The suffering of an animal, like the suffering of children, puts our internal justice-maker on the warpath. Our gray cat Simon made a beeline out the door last night, determined to have an October prowl. Wherever he was attacked, he made it back to the pasture near the garden, where the horses, and then Annie, found him in the morning. Really bloody and beat up. A canine bite, said the vet, meaning a fox, or a coyote, or a neighborhood dog, with broken ribs and contused lungs and a torn brachial plexus – how did he get away? – and a lot of blood lost. We had to let him go. It hit me hard.
Simon had a hard early life, and I sympathized with his outsider status. A hyper-allergenic cat – even I reacted to his dander, and I never do – he was passed on to us from my sister, whose husband couldn’t breathe in his presence. I adjusted, but the alpha male cat in the house chased him out, and he reluctantly became the barn cat for a year or two. He had companions – like Ozzie (Ozymandias) in the background of the photo – but not a sense of belonging. I felt bad for him, left out of the house those long winter nights, but nothing could be done.

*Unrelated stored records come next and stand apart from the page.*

(* Let $\mathbb{S}\subseteq\mathbb{R}$ be an interval, let $\gamma>0$, let $Q:\mathbb{S}\to\mathbb{R}$ be differentiable with $q=Q'$, and let $$H(z)=\gamma\log\big(1+e^{Q(z)/\gamma}\big),\qquad p(z)=\frac{1}{1+e^{-Q(z)/\gamma}},$$ with $H$ twice continuously differentiable on $\mathbb{S}$. Then the scalar matching loss $\mathcal{L}_m(\hat s,s)=H(\hat s)-H(s)-(\hat s-s)H'(s)$ is convex in $\hat s$ over $\mathbb{S}$ (for all $s\in\mathbb{S}$) if and only if $$q'(z)+\frac{1}{\gamma}\,[1-p(z)]\,q^2(z)\ge0\quad\text{for all }z\in\mathbb{S}.$$
   Context: $H$ is the $\gamma$-regularized composite Softplus primitive; its derivative (the link) is $H'(z)=q(z)p(z)$. *)

theory Defs
  imports "HOL-Analysis.Analysis"
begin

definition softplusH :: "real \<Rightarrow> (real \<Rightarrow> real) \<Rightarrow> real \<Rightarrow> real" where
  "softplusH \<gamma> Q z = \<gamma> * ln (1 + exp (Q z / \<gamma>))"

definition sigmoidP :: "real \<Rightarrow> (real \<Rightarrow> real) \<Rightarrow> real \<Rightarrow> real" where
  "sigmoidP \<gamma> Q z = 1 / (1 + exp (- Q z / \<gamma>))"

definition matching_loss :: "(real \<Rightarrow> real) \<Rightarrow> (real \<Rightarrow> real) \<Rightarrow> real \<Rightarrow> real \<Rightarrow> real" where
  "matching_loss H H' shat s = H shat - H s - (shat - s) * H' s"

end

(*
  The matching loss differs from H by an affine function of shat, so it is convex for every s
  exactly when H is convex on S, i.e. when H'' >= 0 on S. Differentiating the link
  H' = q p with p' = p (1 - p) q / gamma gives H'' = p (q' + (1/gamma) (1 - p) q^2), and p > 0.
*)
theory Submission
  imports Defs
begin

lemma at_within_interval_neq_bot:
  fixes S :: "real set"
  assumes "is_interval S" and "\<exists>a\<in>S. \<exists>b\<in>S. a < b" and "z \<in> S"
  shows "at z within S \<noteq> bot"
proof -
  have "S \<noteq> {x}" for x using assms(2) by auto
  then have "z islimpt S"
    using connected_imp_perfect is_interval_connected assms(1,3) by blast
  then show ?thesis by (simp add: trivial_limit_within)
qed

lemma MVT_within:
  fixes f f' :: "real \<Rightarrow> real"
  assumes "a < b" and "{a..b} \<subseteq> S"
    and f': "\<And>x. x \<in> S \<Longrightarrow> (f has_real_derivative f' x) (at x within S)"
  shows "\<exists>\<xi>. a < \<xi> \<and> \<xi> < b \<and> f b - f a = (b - a) * f' \<xi>"
proof -
  have "(f has_derivative (*) (f' x)) (at x within {a..b})" if "a \<le> x" "x \<le> b" for x
    using has_field_derivative_subset[OF f' assms(2)] assms(2) that
    by (auto simp: has_field_derivative_def)
  from mvt_simple[OF assms(1) this] obtain \<xi> where "\<xi> \<in> {a<..<b}" "f b - f a = f' \<xi> * (b - a)"
    by blast
  then show ?thesis by (auto simp: mult.commute)
qed

lemma convex_on_if_deriv_mono_on:
  fixes f f' :: "real \<Rightarrow> real"
  assumes "is_interval S"
    and f': "\<And>x. x \<in> S \<Longrightarrow> (f has_real_derivative f' x) (at x within S)"
    and mono: "mono_on S f'"
  shows "convex_on S f"
proof (rule pos_convex_function[where f' = f'])
  show S: "convex S" using assms(1) is_interval_convex_1 by blast
  fix x y assume xy: "x \<in> S" "y \<in> S"
  show "f' x * (y - x) \<le> f y - f x"
  proof (cases x y rule: linorder_cases)
    case less
    then obtain \<xi> where \<xi>: "x < \<xi>" "\<xi> < y" "f y - f x = (y - x) * f' \<xi>"
      using MVT_within[OF less atMostAtLeast_subset_convex[OF S xy less] f'] by blast
    with xy atMostAtLeast_subset_convex[OF S xy less] have "f' x \<le> f' \<xi>"
      by (intro mono_onD[OF mono]) auto
    with less have "(y - x) * f' x \<le> (y - x) * f' \<xi>" by (intro mult_left_mono) auto
    with \<xi>(3) show ?thesis by (simp add: mult.commute)
  next
    case greater
    then obtain \<xi> where \<xi>: "y < \<xi>" "\<xi> < x" "f x - f y = (x - y) * f' \<xi>"
      using MVT_within[OF greater atMostAtLeast_subset_convex[OF S xy(2,1) greater] f'] by blast
    with xy atMostAtLeast_subset_convex[OF S xy(2,1) greater] have "f' \<xi> \<le> f' x"
      by (intro mono_onD[OF mono]) auto
    with greater have "(x - y) * f' \<xi> \<le> (x - y) * f' x" by (intro mult_left_mono) auto
    moreover have "f' x * (y - x) = - ((x - y) * f' x)" by (simp add: algebra_simps)
    ultimately show ?thesis using \<xi>(3) by linarith
  qed simp
qed

lemma deriv_mono_on_if_convex_on:
  fixes f f' :: "real \<Rightarrow> real"
  assumes cv: "convex_on S f"
    and f': "\<And>x. x \<in> S \<Longrightarrow> (f has_real_derivative f' x) (at x within S)"
  shows "mono_on S f'"
proof (rule mono_onI)
  fix x y assume xy: "x \<in> S" "y \<in> S" "x \<le> y"
  show "f' x \<le> f' y"
  proof (cases "x = y")
    case False
    with xy have lt: "x < y" by simp
    have sub: "{x<..<y} \<subseteq> S"
      using atMostAtLeast_subset_convex[OF convex_on_imp_convex[OF cv] xy(1,2) lt] by auto
    have "f' x \<le> (f y - f x) / (y - x)"
    proof (rule tendsto_upperbound)
      show "((\<lambda>w. (f w - f x) / (w - x)) \<longlongrightarrow> f' x) (at x within {x<..<y})"
        using has_field_derivative_subset[OF f'[OF xy(1)] sub] by (simp add: has_field_derivative_iff)
      show "\<forall>\<^sub>F w in at x within {x<..<y}. (f w - f x) / (w - x) \<le> (f y - f x) / (y - x)"
        unfolding eventually_at_filter
      proof (intro always_eventually allI impI)
        fix w assume "w \<noteq> x" "w \<in> {x<..<y}"
        then have "(f x - f w) / (x - w) \<le> (f x - f y) / (x - y)"
          using convex_on_slope_le(1)[OF cv xy(1,2)] by simp
        then show "(f w - f x) / (w - x) \<le> (f y - f x) / (y - x)"
          by (metis minus_diff_eq minus_divide_divide)
      qed
      show "at x within {x<..<y} \<noteq> bot"
        using islimpt_greaterThanLessThan1[OF lt] by (simp add: trivial_limit_within)
    qed
    also have "\<dots> \<le> f' y"
    proof (rule tendsto_lowerbound)
      show "((\<lambda>w. (f w - f y) / (w - y)) \<longlongrightarrow> f' y) (at y within {x<..<y})"
        using has_field_derivative_subset[OF f'[OF xy(2)] sub] by (simp add: has_field_derivative_iff)
      show "\<forall>\<^sub>F w in at y within {x<..<y}. (f y - f x) / (y - x) \<le> (f w - f y) / (w - y)"
        unfolding eventually_at_filter
      proof (intro always_eventually allI impI)
        fix w assume "w \<noteq> y" "w \<in> {x<..<y}"
        then have "(f x - f y) / (x - y) \<le> (f w - f y) / (w - y)"
          using convex_on_slope_le(2)[OF cv xy(1,2)] by simp
        then show "(f y - f x) / (y - x) \<le> (f w - f y) / (w - y)"
          by (metis minus_diff_eq minus_divide_divide)
      qed
      show "at y within {x<..<y} \<noteq> bot"
        using islimpt_greaterThanLessThan2[OF lt] by (simp add: trivial_limit_within)
    qed
    finally show ?thesis .
  qed simp
qed

lemma deriv_nonneg_if_mono_on:
  fixes g :: "real \<Rightarrow> real"
  assumes "mono_on S g" and "(g has_real_derivative g') (at z within S)"
    and "z \<in> S" and "at z within S \<noteq> bot"
  shows "g' \<ge> 0"
proof (rule tendsto_lowerbound)
  show "((\<lambda>w. (g w - g z) / (w - z)) \<longlongrightarrow> g') (at z within S)"
    using assms(2) by (simp add: has_field_derivative_iff)
  show "\<forall>\<^sub>F w in at z within S. 0 \<le> (g w - g z) / (w - z)"
    unfolding eventually_at_filter
  proof (intro always_eventually allI impI)
    fix w assume "w \<noteq> z" "w \<in> S"
    with assms(1,3) show "0 \<le> (g w - g z) / (w - z)"
      by (cases "w < z") (auto simp: mono_onD divide_nonpos_neg)
  qed
qed fact

lemma mono_on_if_deriv_nonneg:
  fixes g g' :: "real \<Rightarrow> real"
  assumes "is_interval S"
    and g': "\<And>x. x \<in> S \<Longrightarrow> (g has_real_derivative g' x) (at x within S)"
    and nonneg: "\<And>x. x \<in> S \<Longrightarrow> g' x \<ge> 0"
  shows "mono_on S g"
proof (rule mono_onI)
  fix x y assume xy: "x \<in> S" "y \<in> S" "x \<le> y"
  show "g x \<le> g y"
  proof (cases "x = y")
    case False
    with xy have lt: "x < y" by simp
    have sub: "{x..y} \<subseteq> S"
      using atMostAtLeast_subset_convex[OF is_interval_convex[OF assms(1)] xy(1,2) lt] .
    obtain \<xi> where \<xi>: "x < \<xi>" "\<xi> < y" "g y - g x = (y - x) * g' \<xi>"
      using MVT_within[OF lt sub g'] by blast
    with sub have "g' \<xi> \<ge> 0" by (intro nonneg) auto
    with lt have "(y - x) * g' \<xi> \<ge> 0" by (simp add: mult_nonneg_nonneg)
    with \<xi>(3) show ?thesis by linarith
  qed simp
qed

lemma convex_on_iff_second_deriv_nonneg:
  fixes f f' f'' :: "real \<Rightarrow> real"
  assumes S: "is_interval S" "\<exists>a\<in>S. \<exists>b\<in>S. a < b"
    and f': "\<And>x. x \<in> S \<Longrightarrow> (f has_real_derivative f' x) (at x within S)"
    and f'': "\<And>x. x \<in> S \<Longrightarrow> (f' has_real_derivative f'' x) (at x within S)"
  shows "convex_on S f \<longleftrightarrow> (\<forall>x\<in>S. f'' x \<ge> 0)"
proof
  assume "convex_on S f"
  then have "mono_on S f'" using f' by (rule deriv_mono_on_if_convex_on)
  then show "\<forall>x\<in>S. f'' x \<ge> 0"
    using deriv_nonneg_if_mono_on f'' at_within_interval_neq_bot[OF S] by blast
next
  assume "\<forall>x\<in>S. f'' x \<ge> 0"
  then have "mono_on S f'" by (intro mono_on_if_deriv_nonneg[OF S(1) f'']) auto
  with convex_on_if_deriv_mono_on[OF S(1) f'] show "convex_on S f" by simp
qed

lemma one_plus_exp_pos: "0 < 1 + exp (x::real)"
  by (simp add: add_pos_pos)

lemma sigmoidP_eq: "sigmoidP \<gamma> Q z = exp (Q z / \<gamma>) / (1 + exp (Q z / \<gamma>))"
  unfolding sigmoidP_def by (simp add: exp_minus field_simps)

lemma sigmoidP_pos: "sigmoidP \<gamma> Q z > 0"
  unfolding sigmoidP_eq by (simp add: one_plus_exp_pos)

lemma softplusH_has_real_derivative:
  assumes "\<gamma> \<noteq> 0" and "(Q has_real_derivative q) (at z within S)"
  shows "(softplusH \<gamma> Q has_real_derivative q * sigmoidP \<gamma> Q z) (at z within S)"
proof -
  have "(softplusH \<gamma> Q has_real_derivative
      \<gamma> * (exp (Q z / \<gamma>) * (q / \<gamma>) / (1 + exp (Q z / \<gamma>)))) (at z within S)"
    unfolding softplusH_def[abs_def]
    by (rule derivative_eq_intros assms refl | simp add: one_plus_exp_pos)+
  then show ?thesis using assms(1) by (simp add: sigmoidP_eq mult.commute)
qed

lemma sigmoidP_has_real_derivative:
  assumes "\<gamma> \<noteq> 0" and "(Q has_real_derivative q) (at z within S)"
  shows "(sigmoidP \<gamma> Q has_real_derivative
      sigmoidP \<gamma> Q z * (1 - sigmoidP \<gamma> Q z) * q / \<gamma>) (at z within S)"
proof -
  have ne: "1 + exp (Q z / \<gamma>) \<noteq> 0" using one_plus_exp_pos by (rule less_imp_neq[symmetric])
  have "((\<lambda>z. exp (Q z / \<gamma>) / (1 + exp (Q z / \<gamma>))) has_real_derivative
      exp (Q z / \<gamma>) / (1 + exp (Q z / \<gamma>)) * (1 - exp (Q z / \<gamma>) / (1 + exp (Q z / \<gamma>)))
        * q / \<gamma>) (at z within S)"
    by (rule derivative_eq_intros assms refl | simp add: ne)+
      (use assms(1) ne in \<open>simp add: field_simps\<close>)
  then show ?thesis by (simp only: sigmoidP_eq[abs_def])
qed

lemma softplusH_second_deriv_eq:
  assumes "\<gamma> \<noteq> 0" and nontriv: "\<And>z. z \<in> S \<Longrightarrow> at z within S \<noteq> bot"
    and Q': "\<And>z. z \<in> S \<Longrightarrow> (Q has_real_derivative q z) (at z within S)"
    and q': "\<And>z. z \<in> S \<Longrightarrow> (q has_real_derivative q' z) (at z within S)"
    and H1: "\<And>z. z \<in> S \<Longrightarrow> (softplusH \<gamma> Q has_real_derivative H1 z) (at z within S)"
    and H2: "\<And>z. z \<in> S \<Longrightarrow> (H1 has_real_derivative H2 z) (at z within S)"
    and z: "z \<in> S"
  shows "H2 z = sigmoidP \<gamma> Q z * (q' z + (1 / \<gamma>) * (1 - sigmoidP \<gamma> Q z) * (q z)^2)"
proof -
  let ?p = "sigmoidP \<gamma> Q"
  have H1_eq: "H1 x = q x * ?p x" if "x \<in> S" for x
    using has_field_derivative_unique[OF H1[OF that]
        softplusH_has_real_derivative[OF assms(1) Q'[OF that]] nontriv[OF that]] .
  have "((\<lambda>x. q x * ?p x) has_real_derivative
      ?p z * (q' z + (1 / \<gamma>) * (1 - ?p z) * (q z)^2)) (at z within S)"
    using DERIV_mult[OF q'[OF z] sigmoidP_has_real_derivative[OF assms(1) Q'[OF z]]]
    by (rule DERIV_cong) (use assms(1) in \<open>simp add: field_simps power2_eq_square\<close>)
  then have "(H1 has_real_derivative ?p z * (q' z + (1 / \<gamma>) * (1 - ?p z) * (q z)^2))
      (at z within S)"
    by (rule has_field_derivative_transform_within[OF _ zero_less_one z]) (simp add: H1_eq)
  then show ?thesis
    using has_field_derivative_unique[OF H2[OF z] _ nontriv[OF z]] by blast
qed

lemma convex_on_diff_affine_iff:
  fixes f :: "real \<Rightarrow> real"
  shows "convex_on S (\<lambda>x. f x - (a * x + b)) \<longleftrightarrow> convex_on S f"
proof -
  have affine: "convex_on S (\<lambda>x. a * x + b)" "concave_on S (\<lambda>x. a * x + b)" if "convex S"
    using that by (auto intro!: convex_on_linorderI concave_on_linorderI simp: algebra_simps)
  show ?thesis
  proof
    assume "convex_on S (\<lambda>x. f x - (a * x + b))"
    with affine(1)[OF convex_on_imp_convex[OF this]]
    show "convex_on S f" using convex_on_add by fastforce
  next
    assume "convex_on S f"
    with affine(2)[OF convex_on_imp_convex[OF this]]
    show "convex_on S (\<lambda>x. f x - (a * x + b))" by (rule convex_on_diff[rotated])
  qed
qed

lemma convex_on_matching_loss_iff:
  "convex_on S (\<lambda>shat. matching_loss H H' shat s) \<longleftrightarrow> convex_on S H"
proof -
  have "matching_loss H H' shat s = H shat - (H' s * shat + (H s - s * H' s))" for shat
    by (simp add: matching_loss_def algebra_simps)
  then show ?thesis by (simp add: convex_on_diff_affine_iff)
qed

theorem corollaryG1:
  fixes S :: "real set" and \<gamma> :: real and Q q q' H1 H2 :: "real \<Rightarrow> real"
  assumes S_int: "is_interval S"
    and S_nondeg: "\<exists>a\<in>S. \<exists>b\<in>S. a < b"
    and gamma_pos: "\<gamma> > 0"
    and Q_deriv: "\<And>z. z \<in> S \<Longrightarrow> (Q has_real_derivative q z) (at z within S)"
    and q_deriv: "\<And>z. z \<in> S \<Longrightarrow> (q has_real_derivative q' z) (at z within S)"
    and H_deriv1: "\<And>z. z \<in> S \<Longrightarrow> (softplusH \<gamma> Q has_real_derivative H1 z) (at z within S)"
    and H_deriv2: "\<And>z. z \<in> S \<Longrightarrow> (H1 has_real_derivative H2 z) (at z within S)"
    and H2_cont: "continuous_on S H2"
  shows "(\<forall>s\<in>S. convex_on S (\<lambda>shat. matching_loss (softplusH \<gamma> Q) H1 shat s))
     \<longleftrightarrow> (\<forall>z\<in>S. q' z + (1 / \<gamma>) * (1 - sigmoidP \<gamma> Q z) * (q z)^2 \<ge> 0)"
proof -
  note H2_eq = softplusH_second_deriv_eq[OF _ at_within_interval_neq_bot[OF S_int S_nondeg]
      Q_deriv q_deriv H_deriv1 H_deriv2]
  have "(\<forall>s\<in>S. convex_on S (\<lambda>shat. matching_loss (softplusH \<gamma> Q) H1 shat s))
      \<longleftrightarrow> convex_on S (softplusH \<gamma> Q)"
    using S_nondeg by (auto simp: convex_on_matching_loss_iff)
  also have "\<dots> \<longleftrightarrow> (\<forall>z\<in>S. H2 z \<ge> 0)"
    by (rule convex_on_iff_second_deriv_nonneg[OF S_int S_nondeg H_deriv1 H_deriv2])
  also have "\<dots> \<longleftrightarrow> (\<forall>z\<in>S. q' z + (1 / \<gamma>) * (1 - sigmoidP \<gamma> Q z) * (q z)^2 \<ge> 0)"
    using gamma_pos by (simp add: H2_eq zero_le_mult_iff sigmoidP_pos[unfolded less_le_not_le])
  finally show ?thesis .
qed

end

Then two years ago, Annie’s cat died and Simon got to live in her farmhouse, and wasn’t that a turnaround point! She got him dematted and groomed to a gun-metal sheen. He looked at you with such a human look – it was disconcerting to see someone was looking assentingly at you out of those gray-green eyes. Ozzie – the yellow one – is a cute cat with a great sense of play, but he doesn’t have two synapses to rub together between his ears, poor little soul, but Simon was a leader who had trouble finding his place. His last looks from the cat-carrier were looks of adoration for Annie, despite his obvious pain. I am so glad he got two years of belonging.
I had a long talk with the vet, and she agreed with me – it’s a great danger to let cats roam, and she gets grief from the veterinary community for her position, but it’s the same as mine: security comes at the cost of imprisonment (the cat staring longingly out the window), and freedom comes at the cost of danger.
Come back, you big old boy, find another body and come back to us.